[Entretien] Retraites « Ne pas punir les Français qui travaillent dur »

Aurélien Pradié est candidat pour présider Les Républicains dans le cadre du congrès du parti, début décembre. Le député du Lot fait campagne sur le non-recul de l’âge légal de la retraite. Il considère que LR a perdu le peuple et que sa seule chance pour ne pas disparaître, est de le reconquérir.

Vous refusez la retraite à 65 ans contrairement à votre parti. Est-ce le meilleur moyen de gagner la présidence LR ?


J’ai des convictions et je les assume. La clarté et l’honnêteté payent toujours en politique. Nous sommes de plus en plus nombreux à dire qu’il est temps de se remettre en question. Nous perdons les élections nationales depuis dix ans car nous ne parlons plus aux Français modestes qui font tourner le pays. Ce qui serait irresponsable c’est de ne pas poser les questions difficiles. De continuer comme avant. Et de disparaître.

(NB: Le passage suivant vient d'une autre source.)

section \<open>Extremal words as rooted trees\<close>

(* In a noncrossing word, the parent of a letter is the nearest letter whose two occurrences
   enclose it, or q if there is none. *)
function parent :: "'a \<Rightarrow> 'a list \<Rightarrow> 'a \<Rightarrow> 'a" where
  "parent q [] = (\<lambda>_. undefined)"
| "parent q (r # rest) = (\<lambda>x. if x = r then q
      else if x \<in> set (takeWhile (\<lambda>y. y \<noteq> r) rest) then parent r (takeWhile (\<lambda>y. y \<noteq> r) rest) x
      else parent q (tl (dropWhile (\<lambda>y. y \<noteq> r) rest)) x)"
  by pat_completeness auto
termination
proof (relation "measure (\<lambda>(q, xs). length xs)")
  fix q r and rest :: "'a list"
  show "((r, takeWhile (\<lambda>y. y \<noteq> r) rest), q, r # rest) \<in> measure (\<lambda>(q, xs). length xs)"
    using length_takeWhile_le[of "\<lambda>y. y \<noteq> r" rest] by simp
  show "((q, tl (dropWhile (\<lambda>y. y \<noteq> r) rest)), q, r # rest) \<in> measure (\<lambda>(q, xs). length xs)"
    using length_dropWhile_le[of "\<lambda>y. y \<noteq> r" rest] by simp
qed simp

lemma parent_Cons:
  assumes "r \<notin> set \<sigma>"
  shows "parent q (r # \<sigma> @ r # \<tau>)
    = (\<lambda>x. if x = r then q else if x \<in> set \<sigma> then parent r \<sigma> x else parent q \<tau> x)"
proof -
  have "takeWhile (\<lambda>y. y \<noteq> r) (\<sigma> @ r # \<tau>) = \<sigma>" "dropWhile (\<lambda>y. y \<noteq> r) (\<sigma> @ r # \<tau>) = r # \<tau>"
    using assms by (induction \<sigma>) auto
  then show ?thesis unfolding parent.simps(2) by (simp only: list.sel(3))
qed

declare parent.simps(2) [simp del]

lemma parent_notin: "x \<notin> set \<pi> \<Longrightarrow> parent q \<pi> x = undefined"
proof (induction q \<pi> rule: parent.induct)
  case (2 q r rest)
  have "set (tl (dropWhile (\<lambda>y. y \<noteq> r) rest)) \<subseteq> set rest"
    by (metis list.set_sel(2) set_dropWhileD subsetI tl_Nil)
  then show ?case using 2 by (auto simp: parent.simps(2) dest: set_takeWhileD)
qed simp

lemma restrict_parent_Cons:
  assumes "r \<notin> set \<sigma>" "r \<notin> set \<tau>" "set \<sigma> \<inter> set \<tau> = {}"
  shows "restrict (parent q (r # \<sigma> @ r # \<tau>)) (set \<sigma>) = parent r \<sigma>"
    and "restrict (parent q (r # \<sigma> @ r # \<tau>)) (set \<tau>) = parent q \<tau>"
  using assms by (auto simp: parent_Cons parent_notin fun_eq_iff)

lemma parent_Cons_eq:
  assumes "r \<notin> set \<sigma>" "f r = q" "f \<in> extensional (insert r (set \<sigma> \<union> set \<tau>))"
    and "parent r \<sigma> = restrict f (set \<sigma>)" "parent q \<tau> = restrict f (set \<tau>)"
  shows "parent q (r # \<sigma> @ r # \<tau>) = f"
  using assms by (auto simp: parent_Cons fun_eq_iff extensional_def)

lemma parent_in_forests: "des_maximal q \<pi> \<Longrightarrow> parent q \<pi> \<in> forests (set \<pi>) {q}"
proof (induction rule: des_maximal.induct)
  case (des_maximal_Nil q)
  then show ?case by (simp add: forests_empty)
next
  case (des_maximal_Cons r \<sigma> q \<tau>)
  have "r \<notin> set \<sigma>" using des_maximal_Cons.hyps(1) by (rule des_maximal_notin)
  moreover have "set (r # \<sigma> @ r # \<tau>) = insert r (set \<sigma> \<union> set \<tau>)" by auto
  ultimately show ?case
    using forest_graft[OF des_maximal_Cons.IH, of q] des_maximal_Cons.hyps by (simp add: parent_Cons)
qed

lemma parent_hd:
  assumes "des_maximal q \<pi>" "\<pi> \<noteq> []"
  shows "parent q \<pi> (hd \<pi>) = q"
  using assms by (cases rule: des_maximal.cases) (auto simp: parent_Cons dest: des_maximal_notin)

Comment parler à ces Français modestes qui travaillent ?


En respectant le travail laborieux et en ne cherchant plus à punir injustement les Français qui travaillent le plus dur. Le report de l’âge légal est devenu une obsession, qui nous coupe de la France populaire qui sait ce qu’est l’effort, des artisans, des ouvriers, des caissières, etc.

Donc pas d’âge légal ?


Le recul de l’âge légal de la retraite est devenu un pseudo-totem de courage politique. La médaille de réformateur politique ne s’achète pas en tapant sur ceux qui travaillent le plus. Celui qui a commencé à travailler tôt doit finir tôt. Celui qui a commencé à travailler plus tard, dont les revenus sont généralement plus élevés et les métiers moins pénibles, doit partir plus tard. C’est une position claire, efficace et juste.

La seule possibilité d’équilibrer les retraites n’est donc pas le report de l’âge légal ?


Non. Je veux dégonfler ce mythe. Le report de l’âge légal à 65 ans permettrait, dit-on, un gain de 20 milliards d’euros d’ici à 2030. Or, un Français sur dix termine les neuf dernières années de sa vie de travail en invalidité. Donc mettre la retraite à 65 ans est hypocrite : dans la loi, on fera travailler plus longtemps les Français et dans les faits, ce sera l’assurance maladie qui financera car beaucoup ne pourront plus travailler jusqu’à cet âge. Il faudra débourser autour de 8 milliards pour l’assumer. Si on ajoute les autres mesures sociales, le gain final est plutôt de moins de 10 milliards. Loin des 20 revendiqués...En préférant l’allongement de la durée de cotisation de manière automatique dans le temps, vous permettez un gain équivalent et plus dynamique sur 20 ans.

Combien d’annuités proposez-vous ?


Concrètement, la durée de cotisation pourrait être revue tous les cinq ans si nécessaire, automatiquement, selon trois indicateurs : l’espérance de vie, la croissance économique et le taux d’emploi dans le pays, le niveau de notre déficit public.Nous pouvons travailler plus longtemps sans en passer par l’âge de départ. Le faire en poussant jusqu’à 44 années de cotisations est plus juste et aussi efficace sur du moyen terme. Une réforme des retraites doit se discuter avec les partenaires sociaux… Bien sûr mais le rôle du politique est de fixer le cap. Les représentants des branches professionnelles reçoivent ma proposition positivement, y compris les chefs d’entreprise.

Et les adhérents LR ?


Les adhérents, comme les Français, attendent que la droite tourne des pages. Quand j’explique mon projet, je sens une forme d’espoir. En vérité, beaucoup de nos adhérents se sentent mal à l’aise avec l’idée de faire toujours peser l’effort sur ceux qui travaillent le plus.